(Saved entries)

lemma mean_stop_time_small_threshold:
  assumes "cond_B1 F \<or> cond_B2 F" "0 < \<epsilon>"
  shows "\<exists>\<eta>>0. \<forall>\<mu>>0. \<forall>c \<le> \<eta> * \<mu>.
    ennreal \<mu> * mean_stop_time c (F \<mu>) \<le> ennreal (cond_mean_pos (F \<mu>) + \<epsilon> * (\<mu> + 1))"
  using assms(1)
proof
  assume "cond_B1 F"
  then show ?thesis
    using mean_stop_time_small_threshold_B1 assms(2) by blast
next
  assume "cond_B2 F"
  then obtain \<eta> where "\<eta> > 0" and \<eta>: "\<forall>\<mu>>0. \<forall>c \<le> \<eta> * \<mu>. mean_stop_time c (F \<mu>) \<le> ennreal (1 + \<epsilon>)"
    using mean_stop_time_small_threshold_B2 assms(2) by blast
  have "ennreal \<mu> * mean_stop_time c (F \<mu>) \<le> ennreal (cond_mean_pos (F \<mu>) + \<epsilon> * (\<mu> + 1))"
    if "0 < \<mu>" "c \<le> \<eta> * \<mu>" for \<mu> c
  proof -
    have "ennreal \<mu> * mean_stop_time c (F \<mu>) \<le> ennreal \<mu> * ennreal (1 + \<epsilon>)"
      using \<eta> that by (intro mult_left_mono) auto
    also have "\<dots> = ennreal (\<mu> + \<epsilon> * \<mu>)"
      using that(1) assms(2) by (simp add: ennreal_mult[symmetric] algebra_simps)
    also have "\<dots> \<le> ennreal (cond_mean_pos (F \<mu>) + \<epsilon> * (\<mu> + 1))"
      using le_cond_mean_pos[OF that(1)] assms(2) by (intro ennreal_leI) (simp add: algebra_simps)
    finally show ?thesis .
  qed
  with \<open>\<eta> > 0\<close> show ?thesis by blast
qed

end

lemma nn_integral_add_le:
  assumes f [measurable]: "f \<in> borel_measurable M"
  shows "(\<integral>\<^sup>+ x. f x + h x \<partial>M) \<le> integral\<^sup>N M f + integral\<^sup>N M h"
  unfolding nn_integral_def_finite[of M "\<lambda>x. f x + h x"]
proof (rule SUP_least, clarify)
  fix s assume s: "simple_function M s" "s \<le> (\<lambda>x. f x + h x)" "\<forall>x. s x < top"
  have [measurable]: "s \<in> borel_measurable M"
    using s(1) by (rule borel_measurable_simple_function)
  have "integral\<^sup>S M s = (\<integral>\<^sup>+ x. s x \<partial>M)"
    using s(1) by (rule nn_integral_eq_simple_integral[symmetric])
  also have "\<dots> \<le> (\<integral>\<^sup>+ x. f x + (s x - f x) \<partial>M)"
    by (intro nn_integral_mono) (metis add.commute diff_add_self_ennreal nle_le)
  also have "\<dots> = integral\<^sup>N M f + (\<integral>\<^sup>+ x. s x - f x \<partial>M)"
    by (rule nn_integral_add) measurable
  also have "\<dots> \<le> integral\<^sup>N M f + integral\<^sup>N M h"
  proof (intro add_left_mono nn_integral_mono)
    fix x
    have "s x \<le> f x + h x"
      using s(2) by (auto simp: le_fun_def)
    then show "s x - f x \<le> h x"
      using s(3)[rule_format, of x] by (auto simp: ennreal_minus_le_iff add.commute)
  qed
  finally show "integral\<^sup>S M s \<le> integral\<^sup>N M f + integral\<^sup>N M h" .
qed

lemma nn_integral_tail_le:
  fixes f f' :: "real \<Rightarrow> ennreal"
  assumes "0 < d" and "\<And>\<mu>. d \<le> \<mu> \<Longrightarrow> f \<mu> \<le> f' \<mu>"
  shows "(\<integral>\<^sup>+ \<mu>. f \<mu> * indicator {d..} \<mu> \<partial>lborel) \<le> (\<integral>\<^sup>+ \<mu>\<in>{0<..}. f' \<mu> \<partial>lborel)"
  using assms by (intro nn_integral_mono) (auto simp: indicator_def)

lemma nn_integral_prior_tail_le:
  fixes g h :: "real \<Rightarrow> real"
  assumes g_meas: "g \<in> borel_measurable lborel" and g_nonneg: "\<forall>\<mu>>0. 0 \<le> g \<mu>"
    and g_density: "(\<integral>\<^sup>+ \<mu>\<in>{0<..}. ennreal (g \<mu>) \<partial>lborel) = 1"
    and lam: "(\<integral>\<^sup>+ \<mu>\<in>{0<..}. ennreal (h \<mu> * g \<mu>) \<partial>lborel) = ennreal lam"
    and "0 < d" and h_ge: "\<And>\<mu>. d \<le> \<mu> \<Longrightarrow> \<mu> \<le> h \<mu>"
  shows "(\<integral>\<^sup>+ \<mu>. ennreal (g \<mu> * (\<mu> + 1)) * indicator {d..} \<mu> \<partial>lborel) \<le> ennreal lam + 1"
proof -
  have [measurable]: "g \<in> borel_measurable borel"
    using g_meas by simp
  have "(\<integral>\<^sup>+ \<mu>. ennreal (g \<mu> * (\<mu> + 1)) * indicator {d..} \<mu> \<partial>lborel)
      = (\<integral>\<^sup>+ \<mu>. ennreal (g \<mu> * \<mu>) * indicator {d..} \<mu> + ennreal (g \<mu>) * indicator {d..} \<mu> \<partial>lborel)"
    using \<open>0 < d\<close> g_nonneg
    by (intro nn_integral_cong) (auto simp: indicator_def distrib_left ennreal_plus)
  also have "\<dots> = (\<integral>\<^sup>+ \<mu>. ennreal (g \<mu> * \<mu>) * indicator {d..} \<mu> \<partial>lborel)
      + (\<integral>\<^sup>+ \<mu>. ennreal (g \<mu>) * indicator {d..} \<mu> \<partial>lborel)"
    by (rule nn_integral_add) (simp_all add: measurable_lborel2)
  also have "\<dots> \<le> ennreal lam + 1"
  proof (rule add_mono)
    have "g \<mu> * \<mu> \<le> h \<mu> * g \<mu>" if "d \<le> \<mu>" for \<mu>
      using mult_left_mono[OF h_ge[OF that], of "g \<mu>"] g_nonneg that \<open>0 < d\<close> by (simp add: mult.commute)
    then show "(\<integral>\<^sup>+ \<mu>. ennreal (g \<mu> * \<mu>) * indicator {d..} \<mu> \<partial>lborel) \<le> ennreal lam"
      unfolding lam[symmetric] using \<open>0 < d\<close> by (intro nn_integral_tail_le ennreal_leI)
    show "(\<integral>\<^sup>+ \<mu>. ennreal (g \<mu>) * indicator {d..} \<mu> \<partial>lborel) \<le> 1"
      unfolding g_density[symmetric] using \<open>0 < d\<close> by (intro nn_integral_tail_le) auto
  qed
  finally show ?thesis .
qed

* [What needs to be done] Return, from the data above, each line in which the string "assumes" appears.

* [Solution for this exercise]
  assumes "cond_B1 F \<or> cond_B2 F" "0 < \<epsilon>"
  assumes f [measurable]: "f \<in> borel_measurable M"
  assumes "0 < d" and "\<And>\<mu>. d \<le> \<mu> \<Longrightarrow> f \<mu> \<le> f' \<mu>"
  assumes g_meas: "g \<in> borel_measurable lborel" and g_nonneg: "\<forall>\<mu>>0. 0 \<le> g \<mu>"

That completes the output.